What you have to do >>
From the entries below, copy each line in which the word "simulate" occurs.
========================================
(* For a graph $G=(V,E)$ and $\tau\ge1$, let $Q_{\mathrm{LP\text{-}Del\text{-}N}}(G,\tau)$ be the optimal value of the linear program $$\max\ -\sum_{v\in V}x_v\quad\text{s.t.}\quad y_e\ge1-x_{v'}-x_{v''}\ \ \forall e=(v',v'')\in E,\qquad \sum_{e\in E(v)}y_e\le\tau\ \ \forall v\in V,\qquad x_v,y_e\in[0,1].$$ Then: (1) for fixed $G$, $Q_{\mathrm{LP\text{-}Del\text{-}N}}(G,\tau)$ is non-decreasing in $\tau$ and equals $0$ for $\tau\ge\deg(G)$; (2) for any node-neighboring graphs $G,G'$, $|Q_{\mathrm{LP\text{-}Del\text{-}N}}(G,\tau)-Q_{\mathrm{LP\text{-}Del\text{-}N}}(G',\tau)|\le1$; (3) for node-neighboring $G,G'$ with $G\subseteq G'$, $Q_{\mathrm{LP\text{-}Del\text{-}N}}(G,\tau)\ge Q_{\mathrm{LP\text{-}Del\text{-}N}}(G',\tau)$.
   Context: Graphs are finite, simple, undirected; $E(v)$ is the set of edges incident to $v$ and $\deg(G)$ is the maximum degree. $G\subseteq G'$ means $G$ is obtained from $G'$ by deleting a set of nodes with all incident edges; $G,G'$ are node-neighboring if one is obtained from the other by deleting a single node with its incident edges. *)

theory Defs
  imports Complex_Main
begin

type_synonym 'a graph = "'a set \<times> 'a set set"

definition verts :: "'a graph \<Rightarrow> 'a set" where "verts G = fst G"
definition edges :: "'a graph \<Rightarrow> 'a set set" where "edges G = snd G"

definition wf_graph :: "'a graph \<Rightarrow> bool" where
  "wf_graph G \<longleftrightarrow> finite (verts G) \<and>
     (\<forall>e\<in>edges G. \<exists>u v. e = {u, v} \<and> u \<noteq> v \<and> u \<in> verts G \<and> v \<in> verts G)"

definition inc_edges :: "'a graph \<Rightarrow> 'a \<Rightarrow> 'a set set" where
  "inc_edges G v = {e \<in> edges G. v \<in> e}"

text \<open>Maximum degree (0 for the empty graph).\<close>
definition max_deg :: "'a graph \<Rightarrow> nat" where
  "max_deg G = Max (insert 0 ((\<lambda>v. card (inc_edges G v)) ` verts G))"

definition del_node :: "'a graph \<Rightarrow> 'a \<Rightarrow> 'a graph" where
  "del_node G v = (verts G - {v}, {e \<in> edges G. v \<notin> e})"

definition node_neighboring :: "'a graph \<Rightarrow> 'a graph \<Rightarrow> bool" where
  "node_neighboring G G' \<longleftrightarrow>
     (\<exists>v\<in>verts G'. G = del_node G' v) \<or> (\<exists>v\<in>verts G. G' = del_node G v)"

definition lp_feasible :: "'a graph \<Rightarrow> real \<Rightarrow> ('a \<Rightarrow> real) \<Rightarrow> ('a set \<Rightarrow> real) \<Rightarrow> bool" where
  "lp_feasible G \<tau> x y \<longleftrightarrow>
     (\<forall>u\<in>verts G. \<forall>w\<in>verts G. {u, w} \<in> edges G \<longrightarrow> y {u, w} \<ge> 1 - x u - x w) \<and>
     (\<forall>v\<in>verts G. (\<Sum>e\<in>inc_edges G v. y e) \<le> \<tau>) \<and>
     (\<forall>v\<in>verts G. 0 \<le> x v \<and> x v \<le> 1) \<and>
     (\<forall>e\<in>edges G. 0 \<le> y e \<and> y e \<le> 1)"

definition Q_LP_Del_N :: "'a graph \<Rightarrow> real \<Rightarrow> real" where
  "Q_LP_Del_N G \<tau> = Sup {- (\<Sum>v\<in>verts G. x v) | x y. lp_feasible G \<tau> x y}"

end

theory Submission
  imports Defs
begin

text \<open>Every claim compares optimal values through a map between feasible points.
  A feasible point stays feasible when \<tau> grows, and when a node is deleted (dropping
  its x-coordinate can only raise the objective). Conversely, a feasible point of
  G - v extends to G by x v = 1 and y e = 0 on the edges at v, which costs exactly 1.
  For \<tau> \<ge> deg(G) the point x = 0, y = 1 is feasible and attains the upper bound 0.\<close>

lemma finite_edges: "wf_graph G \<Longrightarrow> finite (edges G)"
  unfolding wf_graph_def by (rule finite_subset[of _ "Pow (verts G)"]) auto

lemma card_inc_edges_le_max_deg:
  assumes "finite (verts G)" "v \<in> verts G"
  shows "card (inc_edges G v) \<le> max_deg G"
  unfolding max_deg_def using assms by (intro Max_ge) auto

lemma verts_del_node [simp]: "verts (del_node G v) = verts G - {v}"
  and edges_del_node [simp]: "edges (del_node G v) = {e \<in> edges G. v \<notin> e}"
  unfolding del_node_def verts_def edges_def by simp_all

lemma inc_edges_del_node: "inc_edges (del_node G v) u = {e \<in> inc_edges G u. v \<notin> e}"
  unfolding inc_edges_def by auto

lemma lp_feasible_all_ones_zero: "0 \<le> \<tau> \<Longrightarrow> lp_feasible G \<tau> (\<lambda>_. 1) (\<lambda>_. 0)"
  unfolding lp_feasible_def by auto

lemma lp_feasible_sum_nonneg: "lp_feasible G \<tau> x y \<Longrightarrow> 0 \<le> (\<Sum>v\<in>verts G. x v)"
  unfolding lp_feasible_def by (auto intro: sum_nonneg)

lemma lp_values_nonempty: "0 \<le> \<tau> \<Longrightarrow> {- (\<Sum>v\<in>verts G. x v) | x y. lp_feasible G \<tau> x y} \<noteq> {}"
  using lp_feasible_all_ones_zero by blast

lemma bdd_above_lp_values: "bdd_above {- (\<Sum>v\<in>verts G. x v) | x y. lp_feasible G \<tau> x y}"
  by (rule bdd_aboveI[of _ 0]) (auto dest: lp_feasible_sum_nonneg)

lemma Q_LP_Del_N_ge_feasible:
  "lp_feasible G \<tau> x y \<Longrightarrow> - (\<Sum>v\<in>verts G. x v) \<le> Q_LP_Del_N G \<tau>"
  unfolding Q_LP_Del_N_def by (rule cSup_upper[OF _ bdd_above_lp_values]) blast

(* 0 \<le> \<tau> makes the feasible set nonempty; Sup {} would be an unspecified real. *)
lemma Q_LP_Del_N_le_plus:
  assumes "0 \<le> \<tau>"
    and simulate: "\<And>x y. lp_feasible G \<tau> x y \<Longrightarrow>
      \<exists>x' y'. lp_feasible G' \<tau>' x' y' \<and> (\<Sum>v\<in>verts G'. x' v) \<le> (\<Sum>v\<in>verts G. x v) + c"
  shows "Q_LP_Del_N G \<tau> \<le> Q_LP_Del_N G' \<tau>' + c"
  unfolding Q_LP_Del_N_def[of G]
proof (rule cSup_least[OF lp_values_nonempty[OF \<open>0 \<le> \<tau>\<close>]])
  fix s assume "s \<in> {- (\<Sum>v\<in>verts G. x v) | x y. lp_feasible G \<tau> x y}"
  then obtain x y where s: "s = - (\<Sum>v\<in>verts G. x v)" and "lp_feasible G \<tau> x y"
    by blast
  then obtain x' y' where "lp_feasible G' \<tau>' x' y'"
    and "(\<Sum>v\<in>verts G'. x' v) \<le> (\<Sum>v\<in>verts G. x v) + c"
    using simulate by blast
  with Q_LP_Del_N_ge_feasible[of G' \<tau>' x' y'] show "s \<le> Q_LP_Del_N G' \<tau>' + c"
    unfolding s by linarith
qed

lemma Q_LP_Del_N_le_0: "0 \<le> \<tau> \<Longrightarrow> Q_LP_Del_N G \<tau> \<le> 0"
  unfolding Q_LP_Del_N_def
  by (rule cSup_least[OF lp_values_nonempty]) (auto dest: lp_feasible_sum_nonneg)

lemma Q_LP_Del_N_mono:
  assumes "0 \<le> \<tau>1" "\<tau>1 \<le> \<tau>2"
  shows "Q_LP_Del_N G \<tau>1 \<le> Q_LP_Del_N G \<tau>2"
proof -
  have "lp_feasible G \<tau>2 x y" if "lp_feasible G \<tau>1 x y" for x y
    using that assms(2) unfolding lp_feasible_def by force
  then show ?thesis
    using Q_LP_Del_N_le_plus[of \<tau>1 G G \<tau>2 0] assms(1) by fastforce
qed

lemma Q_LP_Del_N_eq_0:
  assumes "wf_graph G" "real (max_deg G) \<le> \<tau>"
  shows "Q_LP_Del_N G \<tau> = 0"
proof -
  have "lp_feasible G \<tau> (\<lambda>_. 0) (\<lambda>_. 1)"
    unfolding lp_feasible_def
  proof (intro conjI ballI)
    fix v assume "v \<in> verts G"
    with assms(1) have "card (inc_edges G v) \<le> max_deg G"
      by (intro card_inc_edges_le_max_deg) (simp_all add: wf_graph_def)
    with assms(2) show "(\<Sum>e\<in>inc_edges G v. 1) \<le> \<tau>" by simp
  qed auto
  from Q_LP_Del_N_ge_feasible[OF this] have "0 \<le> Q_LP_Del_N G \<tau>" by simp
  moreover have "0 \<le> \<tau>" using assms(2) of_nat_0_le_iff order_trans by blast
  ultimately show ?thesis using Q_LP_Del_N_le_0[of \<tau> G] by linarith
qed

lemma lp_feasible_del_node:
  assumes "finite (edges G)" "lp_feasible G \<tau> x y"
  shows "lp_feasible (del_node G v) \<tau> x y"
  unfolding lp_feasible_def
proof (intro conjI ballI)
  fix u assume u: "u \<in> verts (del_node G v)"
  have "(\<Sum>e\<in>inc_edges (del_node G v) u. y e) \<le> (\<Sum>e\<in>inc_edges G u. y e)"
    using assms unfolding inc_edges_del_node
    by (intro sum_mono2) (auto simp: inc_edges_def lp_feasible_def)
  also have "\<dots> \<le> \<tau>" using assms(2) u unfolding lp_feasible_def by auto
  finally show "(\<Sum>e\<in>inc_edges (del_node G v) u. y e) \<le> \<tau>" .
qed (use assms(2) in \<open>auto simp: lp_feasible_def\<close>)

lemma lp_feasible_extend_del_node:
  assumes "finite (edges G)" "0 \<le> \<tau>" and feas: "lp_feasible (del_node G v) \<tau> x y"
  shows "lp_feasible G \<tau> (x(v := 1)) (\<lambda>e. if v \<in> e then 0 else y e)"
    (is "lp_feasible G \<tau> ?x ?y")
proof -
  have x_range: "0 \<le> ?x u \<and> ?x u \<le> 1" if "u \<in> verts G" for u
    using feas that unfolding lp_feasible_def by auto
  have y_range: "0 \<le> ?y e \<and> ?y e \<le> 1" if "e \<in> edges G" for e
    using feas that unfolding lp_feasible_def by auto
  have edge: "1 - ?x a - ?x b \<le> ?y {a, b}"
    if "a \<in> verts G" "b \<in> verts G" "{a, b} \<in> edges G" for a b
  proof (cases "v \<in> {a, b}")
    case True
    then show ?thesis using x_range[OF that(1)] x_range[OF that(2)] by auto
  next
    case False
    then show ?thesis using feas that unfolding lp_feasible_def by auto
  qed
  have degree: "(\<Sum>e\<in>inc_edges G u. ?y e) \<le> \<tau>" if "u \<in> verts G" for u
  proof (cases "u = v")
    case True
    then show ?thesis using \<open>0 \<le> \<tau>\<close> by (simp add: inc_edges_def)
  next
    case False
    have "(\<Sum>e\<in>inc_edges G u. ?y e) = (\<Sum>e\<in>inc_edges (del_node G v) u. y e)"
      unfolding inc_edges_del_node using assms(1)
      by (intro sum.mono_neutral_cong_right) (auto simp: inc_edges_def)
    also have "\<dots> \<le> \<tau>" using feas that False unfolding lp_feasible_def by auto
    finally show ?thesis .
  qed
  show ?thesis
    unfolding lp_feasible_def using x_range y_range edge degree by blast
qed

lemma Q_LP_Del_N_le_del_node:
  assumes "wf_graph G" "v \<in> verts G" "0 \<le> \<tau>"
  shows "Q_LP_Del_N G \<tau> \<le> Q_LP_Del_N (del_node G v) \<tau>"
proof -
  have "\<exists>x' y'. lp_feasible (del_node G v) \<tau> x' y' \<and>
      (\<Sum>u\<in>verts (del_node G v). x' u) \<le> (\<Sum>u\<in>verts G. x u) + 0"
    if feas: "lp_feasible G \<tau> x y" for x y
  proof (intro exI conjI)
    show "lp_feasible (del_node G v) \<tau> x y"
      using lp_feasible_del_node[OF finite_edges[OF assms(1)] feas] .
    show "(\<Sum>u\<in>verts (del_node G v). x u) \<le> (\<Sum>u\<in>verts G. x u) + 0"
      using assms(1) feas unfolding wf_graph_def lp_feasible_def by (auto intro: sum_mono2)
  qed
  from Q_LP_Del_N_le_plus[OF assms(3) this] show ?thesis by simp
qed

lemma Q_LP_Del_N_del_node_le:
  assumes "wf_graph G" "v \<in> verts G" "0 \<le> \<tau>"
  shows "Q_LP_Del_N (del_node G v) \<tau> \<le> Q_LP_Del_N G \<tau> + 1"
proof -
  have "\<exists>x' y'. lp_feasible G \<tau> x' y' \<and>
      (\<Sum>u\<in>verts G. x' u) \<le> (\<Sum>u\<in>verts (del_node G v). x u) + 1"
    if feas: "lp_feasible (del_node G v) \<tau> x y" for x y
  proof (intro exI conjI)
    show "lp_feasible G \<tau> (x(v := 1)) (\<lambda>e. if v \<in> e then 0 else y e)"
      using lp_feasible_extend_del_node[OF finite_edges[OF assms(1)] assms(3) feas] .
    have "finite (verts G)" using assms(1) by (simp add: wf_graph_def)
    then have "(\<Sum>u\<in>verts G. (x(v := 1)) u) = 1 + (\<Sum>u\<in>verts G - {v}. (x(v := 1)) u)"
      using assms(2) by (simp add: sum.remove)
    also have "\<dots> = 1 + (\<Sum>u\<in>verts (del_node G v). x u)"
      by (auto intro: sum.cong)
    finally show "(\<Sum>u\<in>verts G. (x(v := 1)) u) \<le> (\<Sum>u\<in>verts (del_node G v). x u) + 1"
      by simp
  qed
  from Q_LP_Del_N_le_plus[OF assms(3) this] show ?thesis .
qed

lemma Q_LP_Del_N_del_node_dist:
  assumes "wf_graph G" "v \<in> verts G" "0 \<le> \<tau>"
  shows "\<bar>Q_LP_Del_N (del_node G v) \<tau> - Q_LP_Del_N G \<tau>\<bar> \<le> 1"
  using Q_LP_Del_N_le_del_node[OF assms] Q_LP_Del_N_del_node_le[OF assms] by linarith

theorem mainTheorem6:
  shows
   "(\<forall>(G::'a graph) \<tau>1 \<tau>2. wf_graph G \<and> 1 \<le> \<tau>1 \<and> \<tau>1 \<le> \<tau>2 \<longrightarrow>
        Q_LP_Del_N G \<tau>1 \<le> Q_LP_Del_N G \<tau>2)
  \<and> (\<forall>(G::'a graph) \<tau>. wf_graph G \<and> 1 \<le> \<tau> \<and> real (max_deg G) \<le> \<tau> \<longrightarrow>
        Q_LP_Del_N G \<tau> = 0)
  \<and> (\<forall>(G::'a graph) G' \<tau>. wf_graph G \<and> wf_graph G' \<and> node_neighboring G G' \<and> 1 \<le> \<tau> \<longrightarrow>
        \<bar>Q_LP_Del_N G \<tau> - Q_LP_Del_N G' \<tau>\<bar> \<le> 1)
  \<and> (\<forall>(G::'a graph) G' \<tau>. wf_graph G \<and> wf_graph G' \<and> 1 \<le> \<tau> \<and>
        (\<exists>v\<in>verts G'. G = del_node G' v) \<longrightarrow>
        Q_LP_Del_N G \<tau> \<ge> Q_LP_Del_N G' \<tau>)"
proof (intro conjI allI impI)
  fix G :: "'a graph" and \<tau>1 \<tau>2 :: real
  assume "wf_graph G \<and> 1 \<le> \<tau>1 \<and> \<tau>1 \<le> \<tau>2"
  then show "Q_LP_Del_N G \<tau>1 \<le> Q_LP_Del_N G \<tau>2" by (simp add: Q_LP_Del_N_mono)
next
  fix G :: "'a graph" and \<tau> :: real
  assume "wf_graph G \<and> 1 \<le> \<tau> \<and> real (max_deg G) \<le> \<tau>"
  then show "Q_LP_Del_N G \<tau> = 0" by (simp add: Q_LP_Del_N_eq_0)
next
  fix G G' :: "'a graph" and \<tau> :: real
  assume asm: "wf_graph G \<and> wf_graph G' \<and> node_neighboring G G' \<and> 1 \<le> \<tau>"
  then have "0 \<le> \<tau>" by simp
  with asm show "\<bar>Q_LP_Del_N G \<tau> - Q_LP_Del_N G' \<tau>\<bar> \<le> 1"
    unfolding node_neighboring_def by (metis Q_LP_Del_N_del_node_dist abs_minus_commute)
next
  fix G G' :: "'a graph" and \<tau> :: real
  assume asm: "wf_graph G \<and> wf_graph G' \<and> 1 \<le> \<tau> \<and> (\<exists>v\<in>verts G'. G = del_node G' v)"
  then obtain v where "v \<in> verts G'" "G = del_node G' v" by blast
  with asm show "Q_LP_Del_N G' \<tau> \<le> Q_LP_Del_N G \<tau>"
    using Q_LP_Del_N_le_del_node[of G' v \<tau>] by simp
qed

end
========================================
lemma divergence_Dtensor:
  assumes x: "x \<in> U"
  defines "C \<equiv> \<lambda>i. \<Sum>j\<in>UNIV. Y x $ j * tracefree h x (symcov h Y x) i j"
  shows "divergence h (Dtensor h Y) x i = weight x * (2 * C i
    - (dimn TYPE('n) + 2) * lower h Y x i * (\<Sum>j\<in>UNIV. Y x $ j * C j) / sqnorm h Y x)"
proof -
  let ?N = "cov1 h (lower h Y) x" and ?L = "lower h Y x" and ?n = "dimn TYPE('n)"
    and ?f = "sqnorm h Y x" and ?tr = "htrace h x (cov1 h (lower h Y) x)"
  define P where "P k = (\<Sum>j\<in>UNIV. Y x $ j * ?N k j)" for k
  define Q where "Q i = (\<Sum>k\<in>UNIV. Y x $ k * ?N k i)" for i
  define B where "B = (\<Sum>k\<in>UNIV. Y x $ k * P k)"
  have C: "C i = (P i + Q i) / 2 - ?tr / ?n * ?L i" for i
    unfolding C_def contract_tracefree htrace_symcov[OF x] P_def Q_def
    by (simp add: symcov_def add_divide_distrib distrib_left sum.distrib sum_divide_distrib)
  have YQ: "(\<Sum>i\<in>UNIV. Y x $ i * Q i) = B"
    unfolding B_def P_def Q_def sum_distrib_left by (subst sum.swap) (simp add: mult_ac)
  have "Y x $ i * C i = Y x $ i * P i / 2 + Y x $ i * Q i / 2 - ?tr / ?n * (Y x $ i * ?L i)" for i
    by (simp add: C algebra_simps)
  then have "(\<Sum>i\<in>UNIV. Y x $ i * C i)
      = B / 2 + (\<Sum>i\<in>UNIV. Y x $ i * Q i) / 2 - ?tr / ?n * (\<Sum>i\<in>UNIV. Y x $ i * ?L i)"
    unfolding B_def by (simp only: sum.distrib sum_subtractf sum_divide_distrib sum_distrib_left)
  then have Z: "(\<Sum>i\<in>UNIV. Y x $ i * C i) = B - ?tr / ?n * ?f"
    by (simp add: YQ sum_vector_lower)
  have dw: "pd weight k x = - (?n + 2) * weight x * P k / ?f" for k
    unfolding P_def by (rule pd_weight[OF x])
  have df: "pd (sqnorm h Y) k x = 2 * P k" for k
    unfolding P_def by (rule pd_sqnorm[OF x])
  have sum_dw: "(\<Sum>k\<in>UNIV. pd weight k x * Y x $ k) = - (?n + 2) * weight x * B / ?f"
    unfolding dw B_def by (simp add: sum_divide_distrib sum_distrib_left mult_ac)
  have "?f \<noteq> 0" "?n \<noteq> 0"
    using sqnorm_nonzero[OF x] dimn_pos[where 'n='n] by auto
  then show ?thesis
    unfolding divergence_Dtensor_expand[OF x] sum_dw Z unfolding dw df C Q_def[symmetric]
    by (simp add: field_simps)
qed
========================================
Output >>
    and simulate: "\<And>x y. lp_feasible G \<tau> x y \<Longrightarrow>
    using simulate by blast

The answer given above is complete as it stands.